- Cellular structural biology, (in-cell) NMR spectroscopy
- Method development, stereochemistry of nucleic acids
- Molecular engineering, biomolecular nanomachines, chemical signaling & metabolomics
- Identification of novel therapeutic targets in a wide range of pathological states from cancer to developmental diseases.
- Cellular structural biology of nucleic acids – method development
- Epigenetic regulation of biomolecular function
Content of research
Selective targeting of non-canonical DNA regions within the human genome by small molecular weight ligands. G-quadruplexes (G4) are non-canonical DNA motifs overrepresented in telomeric DNA and the promoter regions of tightly regulated genes, such as oncogenes or genes involved in development regulation. The targeting of G4 within telomeres has been recognized as a new avenue of cancer chemotherapy as small molecular weight scaffolds that stabilize G4 in telomeres initiate senescence and apoptosis in otherwise immortal cancer cells. Unfortunately, a key limitation appearing almost universally among the existing scaffolds that target and stabilize G4 is their inability to bind G4 selectively compared to other DNA morphologies as well as to discriminate among distinct G4 structures. We set out to disentangle principles leading to development of molecular scaffolds that specifically target G4 in the particular gene. Our research elaborates on our recently acquired ability to resolve G4 polymorphs, identify G4 bioactive conformations and characterize their interactions using NMR spectroscopy and the state-of-the art methods of cellular structural biology.
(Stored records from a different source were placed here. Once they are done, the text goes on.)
lemma
  fixes b L \<gamma> :: real
  assumes "0 \<le> b" "b < 1/2" "0 < \<gamma>" "\<gamma> \<le> 1/4" "0 < L"
  shows horizon_kl_half_le: "real (horizon b L \<gamma>) * kl_half \<gamma> \<le> (1 - 2 * b) * L"
    and horizon_log_ratio_range_le: "real (horizon b L \<gamma>) * (log_ratio_range \<gamma>)\<^sup>2 \<le> 18 * L"
proof -
  let ?T = "real (horizon b L \<gamma>)" and ?K = "kl_half \<gamma>"
  have K: "2 * \<gamma>\<^sup>2 \<le> ?K"
    using kl_half_ge[OF assms(3,4)] .
  moreover have "0 < 2 * \<gamma>\<^sup>2"
    using assms(3) by simp
  ultimately have K_pos: "0 < ?K"
    by linarith
  have "0 \<le> (1 - 2 * b) * L / ?K"
    using assms K_pos by simp
  then have "?T \<le> (1 - 2 * b) * L / ?K"
    unfolding horizon_def by (rule of_nat_floor)
  then show T_K: "?T * ?K \<le> (1 - 2 * b) * L"
    using K_pos by (simp add: field_simps)
  have "?T * (2 * \<gamma>\<^sup>2) \<le> ?T * ?K"
    using K by (intro mult_left_mono) simp_all
  also have "\<dots> \<le> L"
  proof -
    have "0 \<le> b * L" using assms by simp
    with T_K show ?thesis by (simp add: algebra_simps)
  qed
  finally have T_gamma: "?T * (2 * \<gamma>\<^sup>2) \<le> L" .
  have "(log_ratio_range \<gamma>)\<^sup>2 \<le> (6 * \<gamma>)\<^sup>2"
    using log_ratio_range_pos[OF assms(3,4)] log_ratio_range_le[OF assms(3,4)]
    by (intro power_mono) simp_all
  then have "?T * (log_ratio_range \<gamma>)\<^sup>2 \<le> ?T * (6 * \<gamma>)\<^sup>2"
    by (intro mult_left_mono) simp_all
  also have "\<dots> = 18 * (?T * (2 * \<gamma>\<^sup>2))"
    by (simp add: power_mult_distrib)
  finally show "?T * (log_ratio_range \<gamma>)\<^sup>2 \<le> 18 * L"
    using T_gamma by linarith
qed

lemma raised_bias_bounds:
  fixes b \<epsilon> :: real
  assumes "0 < b" "b < 1/8" "0 < \<epsilon>" "\<epsilon> < b / 4"
  shows "\<epsilon> < \<epsilon> * (1 + b)" "\<epsilon> * (1 + b) \<le> 1/4"
proof -
  have "\<epsilon> * (1 + b) = \<epsilon> + \<epsilon> * b" "0 < \<epsilon> * b" "\<epsilon> * b \<le> \<epsilon>"
    using assms by (simp_all add: algebra_simps mult_left_le)
  then show "\<epsilon> < \<epsilon> * (1 + b)" "\<epsilon> * (1 + b) \<le> 1/4"
    using assms by linarith+
qed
Identification of the evolutionary conserved structural features of centromeric and telomeric DNA: The accurate transmission of a genome from one generation to another depends on the mechanism of cell division where each pair of replicated chromosomes, known as sister chromatids, are separated, and equally distributed to mother and daughter cells. The centromere is a specialized region of the eukaryotic chromosome that links sister chromatids. Loss of centromere identity in mitotic cells results in aneuploidy (loss or gain of chromosome), which may lead to cancer. Loss of centromere identity in meiotic cells leads to spontaneous abortion or developmental defects.By studying evolutionary conserved structural features in the centromeric and evolutionary related telomeric DNA, we are trying to identify epigenetic universal hallmarks, which identify the centromere position in a newly replicated genome.
Notable part of our research focuses on: i) development of methods for structural analysis of nucleic acids in vitro as well as in complex environment of living cells, ii) investigation of mechanisms of chemical signaling, and iii) principles of epigenetic regulation of gene expression.